A projection of international trends to 2025 published today by the United States National Intelligence Council, foresees an unstable multipolar world, growing conflict over natural resources, a decline in United States influence, and China as the number two world power.
The report which will be required reading for President-elect Barack Obama, recalls that, historically, multipolar systems have been less stable than bipolar or unipolar systems, and that a “19th century style scenario of arms races, territorial expansion and military rivalries” cannot be ruled out. This will mean, the authors say, an increased, although still small, risk of nuclear conflict.
Clashes may be triggered by competition for dwindling natural resources, particularly oil, natural gas and water; and climate change will add a new dimension to international security risks.

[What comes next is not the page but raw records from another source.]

lemma closure_image_cball_contains_ball:
  fixes A :: "'a::cbanach \<Rightarrow> 'a"
  assumes A: "bounded_clinear A" and Y: "csubspace Y" and Zc: "closed (A ` Y)"
  shows "\<exists>R\<ge>0. \<exists>r>0. \<forall>z\<in>A ` Y. norm z < r \<longrightarrow> z \<in> closure (A ` (Y \<inter> cball 0 R))"
proof -
  define Z where "Z = A ` Y"
  have Zs: "csubspace Z" unfolding Z_def by (rule csubspace_image[OF A Y])
  obtain k :: nat and z0 r where r: "r > 0" and z0: "z0 \<in> Z"
    and ball: "\<forall>z\<in>Z. dist z z0 < r \<longrightarrow> z \<in> closure (A ` (Y \<inter> cball 0 (real k)))"
    using baire_closure_image_ball[OF Zc] csubspace_0[OF Y] unfolding Z_def by blast
  have "z \<in> closure (A ` (Y \<inter> cball 0 (2 * real k)))" if z: "z \<in> Z" "norm z < r" for z
    unfolding closure_approachable
  proof (intro allI impI)
    fix e :: real assume e: "e > 0"
    \<comment> \<open>Differences of approximations of z0 + z and of z0 approximate z.\<close>
    have "z0 + z \<in> closure (A ` (Y \<inter> cball 0 (real k)))"
      using ball csubspace_add[OF Zs z0 z(1)] z(2) by (simp add: dist_norm)
    then obtain w where "w \<in> A ` (Y \<inter> cball 0 (real k))" "dist w (z0 + z) < e/2"
      using half_gt_zero[OF e] unfolding closure_approachable by blast
    then obtain y1 where y1: "y1 \<in> Y" "norm y1 \<le> real k" "dist (A y1) (z0 + z) < e/2" by auto
    have "z0 \<in> closure (A ` (Y \<inter> cball 0 (real k)))" using ball z0 r by simp
    then obtain w where "w \<in> A ` (Y \<inter> cball 0 (real k))" "dist w z0 < e/2"
      using half_gt_zero[OF e] unfolding closure_approachable by blast
    then obtain y2 where y2: "y2 \<in> Y" "norm y2 \<le> real k" "dist (A y2) z0 < e/2" by auto
    have "A (y1 - y2) - z = (A y1 - (z0 + z)) - (A y2 - z0)"
      using bounded_clinear_diff[OF A] by (simp add: algebra_simps)
    then have "norm (A (y1 - y2) - z) \<le> norm (A y1 - (z0 + z)) + norm (A y2 - z0)"
      by (metis norm_triangle_ineq4)
    then have "dist (A (y1 - y2)) z < e" using y1(3) y2(3) by (simp add: dist_norm)
    moreover have "norm (y1 - y2) \<le> 2 * real k"
      using norm_triangle_ineq4[of y1 y2] y1(2) y2(2) by simp
    ultimately show "\<exists>w\<in>A ` (Y \<inter> cball 0 (2 * real k)). dist w z < e"
      using csubspace_diff[OF Y y1(1) y2(1)] by auto
  qed
  then show ?thesis using r unfolding Z_def by (intro exI[of _ "2 * real k"]) auto
qed

lemma open_mapping_approx:
  fixes A :: "'a::cbanach \<Rightarrow> 'a"
  assumes A: "bounded_clinear A" and Y: "csubspace Y" and Zc: "closed (A ` Y)"
  shows "\<exists>K\<ge>0. \<forall>z\<in>A ` Y. \<exists>y\<in>Y. norm y \<le> K * norm z \<and> norm (z - A y) \<le> norm z / 2"
proof -
  obtain R r where "R \<ge> 0" "r > 0" and ball: "\<forall>z\<in>A ` Y. norm z < r \<longrightarrow> z \<in> closure (A ` (Y \<inter> cball 0 R))"
    using closure_image_cball_contains_ball[OF A Y Zc] by blast
  define K where "K = 2 * R / r"
  have "\<exists>y\<in>Y. norm y \<le> K * norm z \<and> norm (z - A y) \<le> norm z / 2" if z: "z \<in> A ` Y" for z
  proof (cases "z = 0")
    case True
    then show ?thesis using csubspace_0[OF Y] bounded_clinear_0[OF A] by force
  next
    case False
    define t where "t = r / (2 * norm z)"
    have t: "t > 0" using \<open>r > 0\<close> False by (simp add: t_def)
    have "t *\<^sub>R z \<in> A ` Y" using csubspace_scaleR[OF csubspace_image[OF A Y] z] .
    moreover have "norm (t *\<^sub>R z) < r" using False \<open>r > 0\<close> by (simp add: t_def)
    ultimately have "t *\<^sub>R z \<in> closure (A ` (Y \<inter> cball 0 R))" using ball by blast
    then obtain w where "w \<in> A ` (Y \<inter> cball 0 R)" "dist w (t *\<^sub>R z) < r / 4"
      using \<open>r > 0\<close> unfolding closure_approachable by (meson zero_less_divide_iff zero_less_numeral)
    then obtain y' where y': "y' \<in> Y" "norm y' \<le> R" "norm (A y' - t *\<^sub>R z) < r / 4"
      by (auto simp: dist_norm)
    define y where "y = (1/t) *\<^sub>R y'"
    have "norm y \<le> R / t" using y'(2) t by (simp add: y_def divide_right_mono)
    also have "\<dots> = K * norm z" using \<open>r > 0\<close> False by (simp add: t_def K_def field_simps)
    finally have ny: "norm y \<le> K * norm z" .
    have "z - A y = (1/t) *\<^sub>R (t *\<^sub>R z - A y')"
      using t bounded_clinear_scaleC[OF A] by (simp add: y_def scaleR_scaleC algebra_simps)
    then have "norm (z - A y) = norm (A y' - t *\<^sub>R z) / t"
      using t by (simp add: norm_minus_commute)
    also have "\<dots> \<le> (r/4) / t" using y'(3) t by (intro divide_right_mono) auto
    also have "\<dots> = norm z / 2" using \<open>r > 0\<close> False by (simp add: t_def field_simps)
    finally have "norm (z - A y) \<le> norm z / 2" .
    moreover have "y \<in> Y" unfolding y_def by (rule csubspace_scaleR[OF Y y'(1)])
    ultimately show ?thesis using ny by blast
  qed
  moreover have "K \<ge> 0" using \<open>r > 0\<close> \<open>R \<ge> 0\<close> by (simp add: K_def)
  ultimately show ?thesis by blast
qed

lemma suminf_in_closed_csubspace:
  assumes "closed Y" "csubspace Y" "summable f" "\<And>n. f n \<in> Y"
  shows "suminf f \<in> Y"
  using assms(1) summable_LIMSEQ[OF assms(3)] csubspace_sum[OF assms(2)] assms(4)
  by (metis closed_sequentially)

text \<open>Iterating the approximation halves the error at each step; the
  approximating preimages form a convergent geometric series.\<close>

lemma preimage_of_halving_approximation:
  fixes A :: "'a::cbanach \<Rightarrow> 'a"
  assumes A: "bounded_clinear A" and Y: "closed Y" "csubspace Y" and K: "K \<ge> 0"
    and g: "\<And>z. z \<in> A ` Y \<Longrightarrow> g z \<in> Y \<and> norm (g z) \<le> K * norm z \<and> norm (z - A (g z)) \<le> norm z / 2"
    and z: "z \<in> A ` Y"
  shows "\<exists>y\<in>Y. A y = z \<and> norm y \<le> (2*K + 1) * norm z"
proof -
  define zs where "zs n = ((\<lambda>w. w - A (g w)) ^^ n) z" for n
  have zsS: "zs (Suc n) = zs n - A (g (zs n))" for n by (simp add: zs_def)
  have zsZ: "zs n \<in> A ` Y" for n
  proof (induction n)
    case (Suc n)
    have "A (g (zs n)) \<in> A ` Y" using g[OF Suc] by blast
    then show ?case using zsS csubspace_diff[OF csubspace_image[OF A Y(2)] Suc] by simp
  qed (simp add: zs_def z)
  have zsn: "norm (zs n) \<le> norm z * (1/2)^n" for n
  proof (induction n)
    case (Suc n)
    then show ?case using g[OF zsZ[of n]] zsS[of n] by simp
  qed (simp add: zs_def)
  define ys where "ys n = g (zs n)" for n
  have nys: "norm (ys n) \<le> K * norm z * (1/2)^n" for n
  proof -
    have "norm (ys n) \<le> K * norm (zs n)" using g[OF zsZ[of n]] by (simp add: ys_def)
    also have "\<dots> \<le> K * (norm z * (1/2)^n)" by (rule mult_left_mono[OF zsn K(1)])
    finally show ?thesis by simp
  qed
  have sg: "summable (\<lambda>n. K * norm z * (1/2::real)^n)"
    by (intro summable_mult summable_geometric) simp
  have sn: "summable (\<lambda>n. norm (ys n))"
    by (rule summable_comparison_test[OF _ sg]) (use nys in auto)
  have s: "summable ys" by (rule summable_norm_cancel[OF sn])
  have "suminf ys \<in> Y"
    using suminf_in_closed_csubspace[OF Y s] g zsZ by (simp add: ys_def)
  moreover have "norm (suminf ys) \<le> (2*K + 1) * norm z"
  proof -
    have "norm (suminf ys) \<le> (\<Sum>n. K * norm z * (1/2)^n)"
      using summable_norm[OF sn] suminf_le[OF nys sn sg] by linarith
    also have "\<dots> = 2 * K * norm z"
      using suminf_mult[OF summable_geometric[of "1/2::real"]] suminf_geometric[of "1/2::real"] by simp
    finally have "norm (suminf ys) \<le> 2 * K * norm z" .
    moreover have "2 * K * norm z \<le> (2*K + 1) * norm z" by (simp add: distrib_right)
    ultimately show ?thesis by linarith
  qed
  moreover have "A (suminf ys) = z"
  proof -
    have "(\<lambda>n. norm z * (1/2::real)^n) \<longlonglongrightarrow> 0"
      by (intro tendsto_mult_right_zero LIMSEQ_power_zero) simp
    then have "zs \<longlonglongrightarrow> 0" by (rule Lim_null_comparison[rotated]) (use zsn in auto)
    then have "(\<lambda>n. zs n - zs (Suc n)) sums zs 0" using telescope_sums' by fastforce
    then have "(\<lambda>n. A (ys n)) sums z" by (simp add: ys_def zsS zs_def)
    then show ?thesis
      using bounded_linear.suminf[OF bounded_clinear_imp_bounded_linear[OF A] s] sums_unique by metis
  qed
  ultimately show ?thesis by blast
qed

lemma open_mapping_on:
  fixes A :: "'a::cbanach \<Rightarrow> 'a"
  assumes A: "bounded_clinear A" and Y: "closed Y" "csubspace Y" and Zc: "closed (A ` Y)"
  shows "\<exists>C>0. \<forall>z\<in>A ` Y. \<exists>y\<in>Y. A y = z \<and> norm y \<le> C * norm z"
proof -
  obtain K where K: "K \<ge> 0" "\<forall>z\<in>A ` Y. \<exists>y\<in>Y. norm y \<le> K * norm z \<and> norm (z - A y) \<le> norm z / 2"
    using open_mapping_approx[OF A Y(2) Zc] by blast
  then obtain g where "\<And>z. z \<in> A ` Y \<Longrightarrow> g z \<in> Y \<and> norm (g z) \<le> K * norm z \<and> norm (z - A (g z)) \<le> norm z / 2"
    by metis
  then have "\<forall>z\<in>A ` Y. \<exists>y\<in>Y. A y = z \<and> norm y \<le> (2*K + 1) * norm z"
    using preimage_of_halving_approximation[OF A Y K(1)] by blast
  moreover have "2*K + 1 > 0" using K(1) by simp
  ultimately show ?thesis by blast
qed

lemma bounded_below_onI:
  fixes A :: "'a::cbanach \<Rightarrow> 'a"
  assumes A: "bounded_clinear A" and Y: "closed Y" "csubspace Y" and Zc: "closed (A ` Y)"
    and inj: "\<forall>x\<in>Y. A x = 0 \<longrightarrow> x = 0"
  shows "bounded_below_on A Y"
proof -
  obtain C where C: "C > 0" "\<forall>z\<in>A ` Y. \<exists>y\<in>Y. A y = z \<and> norm y \<le> C * norm z"
    using open_mapping_on[OF A Y Zc] by blast
  have "(1/C) * norm x \<le> norm (A x)" if x: "x \<in> Y" for x
  proof -
    obtain y where y: "y \<in> Y" "A y = A x" "norm y \<le> C * norm (A x)" using C(2) x by blast
    have "A (y - x) = 0" using y(2) bounded_clinear_diff[OF A, of y x] by simp
    then have "y - x = 0" using inj csubspace_diff[OF Y(2) y(1) x] by blast
    then have "y = x" by simp
    then show ?thesis using y(3) C(1) by (simp add: field_simps)
  qed
  then show ?thesis unfolding bounded_below_on_def using C(1) by (intro exI[of _ "1/C"]) auto
qed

The transfer of global wealth and economic power under way from West to East is, the report says, “without precedent in modern history.” While highlighting the growing weight of the BRIC countries, Brazil, Russia, India and China, it singles out China as “poised to have more impact on the world over the next 20 years than any other country”. By 2025, it predicts, China will be the world’s second largest economy and will wield military clout to match.
Brazil, Russia, India, and China, the report says, will match the G7’s share of global GDP sometime in the 2040s. Before then, China and India will have restored their standing of two centuries ago when they represented, respectively, 30 percent and 15 percent of the world’s wealth.
The report highlights the alternative development model being followed by the major emerging economies, which, in contrast to the West, rely heavily on state intervention in the economy and state owned enterprises. Whereas in the early 1990s economists were predicting the imminent disappearance of SOEs, the process of privatization is being rolled back and a new economic phenomenon is emerging – the state owned multinational. The authors suggest that, in the wake of the economic crisis, the trend for greater state intervention in the economy will spread to developed Western economies.
Several, sometimes tongue-in-cheek, scenarios sketch out possible consequences of the shift in world power. In one, the Russian Head of the Shanghai Cooperation Organization writes a humorous and self-congratulatory letter to the NATO Secretary General, drawing attention to the SCO’s strategic parity with the Western alliance and thanking the West for the diplomatic blunders that made this possible. In another scenario the BRIC countries fall out and Chinese and Indian forces clash in the Gulf of Oman over energy supply routes. In a frightening scenario that owes something to Hollywood, climate change triggers a freak weather event that floods New York.
While Chinese leaders may derive some satisfaction from the US Intelligence assessment, Europeans will likely be smarting as the EU is largely written off as doomed to irrelevance by a declining and aging population and what, in US eyes, is an excessively generous and increasingly unaffordable welfare system.